▸ **What to produce**: Across the records below, how many lines include the string "ultimately"? State the number and nothing more.

((

lemma deg_eq_2_iff:
  assumes t: "is_tree V E" and "E v u" "E v w" "u \<noteq> w"
  shows "deg V E v = 2 \<longleftrightarrow> (\<forall>y. E v y \<longrightarrow> y = u \<or> y = w)"
proof
  assume "deg V E v = 2"
  show "\<forall>y. E v y \<longrightarrow> y = u \<or> y = w"
  proof (rule ccontr)
    assume "\<not> (\<forall>y. E v y \<longrightarrow> y = u \<or> y = w)"
    then obtain y where y: "E v y" "y \<noteq> u" "y \<noteq> w" by blast
    have "{u, w, y} \<subseteq> {y \<in> V. E v y}" using assms y tree_edge_in_V[OF t] by auto
    moreover have "finite {y \<in> V. E v y}" using t unfolding is_tree_def by simp
    ultimately have "card {u, w, y} \<le> deg V E v" unfolding deg_def by (rule card_mono[rotated])
    with \<open>deg V E v = 2\<close> \<open>u \<noteq> w\<close> y show False by simp
  qed
next
  assume "\<forall>y. E v y \<longrightarrow> y = u \<or> y = w"
  then have "{y \<in> V. E v y} = {u, w}" using assms tree_edge_in_V[OF t] by auto
  then show "deg V E v = 2" unfolding deg_def using \<open>u \<noteq> w\<close> by simp
qed

lemma is_path_Cons:
  "ys \<noteq> [] \<Longrightarrow> is_path V E (z # ys) \<longleftrightarrow> z \<in> V \<and> z \<notin> set ys \<and> E z (hd ys) \<and> is_path V E ys"
  unfolding is_path_def by (auto simp: hd_conv_nth nth_Cons split: nat.splits)

lemma ball_set_butlast_tl_iff:
  "(\<forall>x\<in>set (butlast (tl ys)). P x) \<longleftrightarrow> (\<forall>i. 0 < i \<and> i < length ys - 1 \<longrightarrow> P (ys ! i))"
proof -
  have nth: "butlast (tl ys) ! j = ys ! Suc j" if "j < length ys - 2" for j
    using that by (simp add: nth_butlast nth_tl)
  show ?thesis
  proof (intro iffI allI impI ballI)
    fix i assume "\<forall>x\<in>set (butlast (tl ys)). P x" and i: "0 < i \<and> i < length ys - 1"
    moreover have "i - 1 < length ys - 2" using i by linarith
    moreover have "ys ! i = butlast (tl ys) ! (i - 1)" using i nth[of "i - 1"] calculation by simp
    ultimately show "P (ys ! i)" by (metis length_butlast length_tl diff_diff_left nth_mem one_add_one)
  next
    fix x assume H: "\<forall>i. 0 < i \<and> i < length ys - 1 \<longrightarrow> P (ys ! i)" and "x \<in> set (butlast (tl ys))"
    then obtain j where "j < length ys - 2" "x = butlast (tl ys) ! j"
      by (auto simp: in_set_conv_nth numeral_2_eq_2)
    then show "P x" using H[rule_format, of "Suc j"] nth by simp
  qed
qed

lemma set_butlast_tl_rev: "set (butlast (tl (rev xs))) = set (butlast (tl xs))"
proof -
  have "tl (rev xs) = rev (butlast xs)" by (metis butlast_rev rev_rev_ident)
  then show ?thesis by (simp add: butlast_tl)
qed

lemma two_path_iff:
  "two_path V E ys a \<longleftrightarrow> is_path V E ys \<and> length ys = a + 1 \<and> 1 \<le> a \<and>
     deg V E (hd ys) \<noteq> 2 \<and> deg V E (last ys) \<noteq> 2 \<and> (\<forall>x\<in>set (butlast (tl ys)). deg V E x = 2)"
  unfolding two_path_def ball_set_butlast_tl_iff
  by (cases ys) (auto simp: hd_conv_nth last_conv_nth)

lemma is_path_Cons_of_deg_2:
  assumes t: "is_tree V E" and p: "is_path V E ys" and l: "2 \<le> length ys"
    and d: "deg V E (hd ys) = 2"
  shows "\<exists>z. is_path V E (z # ys)"
proof -
  have hd: "hd ys = ys ! 0" using l by (cases ys) auto
  have e01: "E (ys ! 0) (ys ! 1)" using p l unfolding is_path_def by auto
  obtain a b where ab: "{y \<in> V. E (ys ! 0) y} = {a, b}" "a \<noteq> b"
    using d hd unfolding deg_def by (auto simp: card_2_iff)
  have "ys ! 1 \<in> {a, b}" using ab(1) e01 tree_edge_in_V[OF t] by blast
  then obtain z where "z \<in> {a, b}" "z \<noteq> ys ! 1" using ab(2) by blast
  then have z: "E (ys ! 0) z" "z \<noteq> ys ! 1" using ab(1) by blast+
  have "z \<notin> set ys"
    using tree_path_avoids_other_neighbour[OF t p _ e01 z] l by simp
  moreover have "ys \<noteq> []" using l by auto
  moreover have "E z (hd ys)" "z \<in> V" using z(1) hd tree_sym[OF t] tree_edge_in_V[OF t] by auto
  ultimately have "is_path V E (z # ys)" using is_path_Cons p by blast
  then show ?thesis ..
qed

lemma degree_2_path_extends_left:
  assumes t: "is_tree V E"
  shows "is_path V E ys \<Longrightarrow> 2 \<le> length ys \<Longrightarrow> \<forall>x\<in>set (butlast (tl ys)). deg V E x = 2 \<Longrightarrow>
    \<exists>ws. is_path V E (ws @ ys) \<and> deg V E (hd (ws @ ys)) \<noteq> 2 \<and>
      (\<forall>x\<in>set (butlast (tl (ws @ ys))). deg V E x = 2)"
proof (induction "card V - length ys" arbitrary: ys rule: less_induct)
  case less
  show ?case
  proof (cases "deg V E (hd ys) = 2")
    case False
    then show ?thesis using less.prems by (metis append_Nil)
  next
    case True
    then obtain z where pz: "is_path V E (z # ys)"
      using is_path_Cons_of_deg_2[OF t] less.prems by blast
    have shorter: "card V - length (z # ys) < card V - length ys"
      using path_length_le_card[OF t pz] by simp
    obtain y r where ys: "ys = y # r" "r \<noteq> []" using less.prems(2) by (cases ys) fastforce+
    have "\<forall>x\<in>set (butlast (tl (z # ys))). deg V E x = 2"
      using True less.prems(3) ys by simp
    then obtain ws where "is_path V E (ws @ z # ys)" "deg V E (hd (ws @ z # ys)) \<noteq> 2"
        "\<forall>x\<in>set (butlast (tl (ws @ z # ys))). deg V E x = 2"
      using less.hyps[OF shorter pz] less.prems(2) by auto
    then show ?thesis by (intro exI[of _ "ws @ [z]"]) simp
  qed
qed

lemma degree_2_path_in_two_path:
  assumes t: "is_tree V E" and p: "is_path V E ys" and l: "2 \<le> length ys"
    and inner: "\<forall>x\<in>set (butlast (tl ys)). deg V E x = 2"
  shows "\<exists>zs a. two_path V E zs a \<and> length ys \<le> a + 1"
proof -
  obtain ws where ws: "is_path V E (ws @ ys)" "deg V E (hd (ws @ ys)) \<noteq> 2"
      "\<forall>x\<in>set (butlast (tl (ws @ ys))). deg V E x = 2"
    using degree_2_path_extends_left[OF t p l inner] by blast
  define zs where "zs = rev (ws @ ys)"
  have "is_path V E zs" using is_path_rev[OF tree_symp[OF t] ws(1)] unfolding zs_def .
  moreover have "2 \<le> length zs" using l unfolding zs_def by simp
  moreover have "\<forall>x\<in>set (butlast (tl zs)). deg V E x = 2"
    using ws(3) unfolding zs_def set_butlast_tl_rev .
  ultimately obtain us where us: "is_path V E (us @ zs)" "deg V E (hd (us @ zs)) \<noteq> 2"
      "\<forall>x\<in>set (butlast (tl (us @ zs))). deg V E x = 2"
    using degree_2_path_extends_left[OF t] by blast
  have "hd (rev (us @ zs)) = hd (ws @ ys)" using l by (cases ws) (auto simp: zs_def hd_rev last_rev hd_append)
  moreover have "last (rev (us @ zs)) = hd (us @ zs)" by (rule last_rev)
  moreover have "2 \<le> length (us @ zs)" using \<open>2 \<le> length zs\<close> by simp
  ultimately have "two_path V E (rev (us @ zs)) (length (us @ zs) - 1)"
    unfolding two_path_iff set_butlast_tl_rev
    using is_path_rev[OF tree_symp[OF t] us(1)] us(2,3) ws(2) by auto
  moreover have "length ys \<le> length (us @ zs) - 1 + 1" unfolding zs_def by simp
  ultimately show ?thesis by blast
qed

section \<open>Side rays\<close>

definition side_rays_within :: "nat set \<Rightarrow> (nat \<Rightarrow> nat \<Rightarrow> bool) \<Rightarrow> nat \<Rightarrow> nat \<Rightarrow> nat \<Rightarrow> nat \<Rightarrow> bool" where
  "side_rays_within V E u v w e \<longleftrightarrow> (\<forall>y. E v y \<and> y \<noteq> u \<and> y \<noteq> w \<longrightarrow>
     (\<exists>r a. ray V E r a \<and> a \<le> e \<and> r ! 0 = v \<and> y \<in> set r))"

text \<open>If no bound e works, LEAST returns the junk value 0; every lemma about the order therefore
  assumes \<^term>\<open>side_rays_within V E u v w d\<close> for some d.\<close>
definition side_ray_order :: "nat set \<Rightarrow> (nat \<Rightarrow> nat \<Rightarrow> bool) \<Rightarrow> nat \<Rightarrow> nat \<Rightarrow> nat \<Rightarrow> nat" where
  "side_ray_order V E u v w = (LEAST e. side_rays_within V E u v w e)"

lemma side_rays_within_mono:
  "side_rays_within V E u v w e \<Longrightarrow> e \<le> e' \<Longrightarrow> side_rays_within V E u v w e'"
  unfolding side_rays_within_def by (meson le_trans)

lemma side_rays_within_0_iff:
  assumes "is_tree V E" "E v u" "E v w" "u \<noteq> w"
  shows "side_rays_within V E u v w 0 \<longleftrightarrow> deg V E v = 2"
  unfolding deg_eq_2_iff[OF assms] side_rays_within_def ray_def two_path_def by auto

lemma side_ray_order_le_iff:
  "side_rays_within V E u v w d \<Longrightarrow> side_ray_order V E u v w \<le> e \<longleftrightarrow> side_rays_within V E u v w e"
  unfolding side_ray_order_def by (metis LeastI Least_le side_rays_within_mono)

lemma side_ray_order_le: "side_rays_within V E u v w d \<Longrightarrow> side_ray_order V E u v w \<le> d"
  using side_ray_order_le_iff by blast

))

▸ **Written response**: 6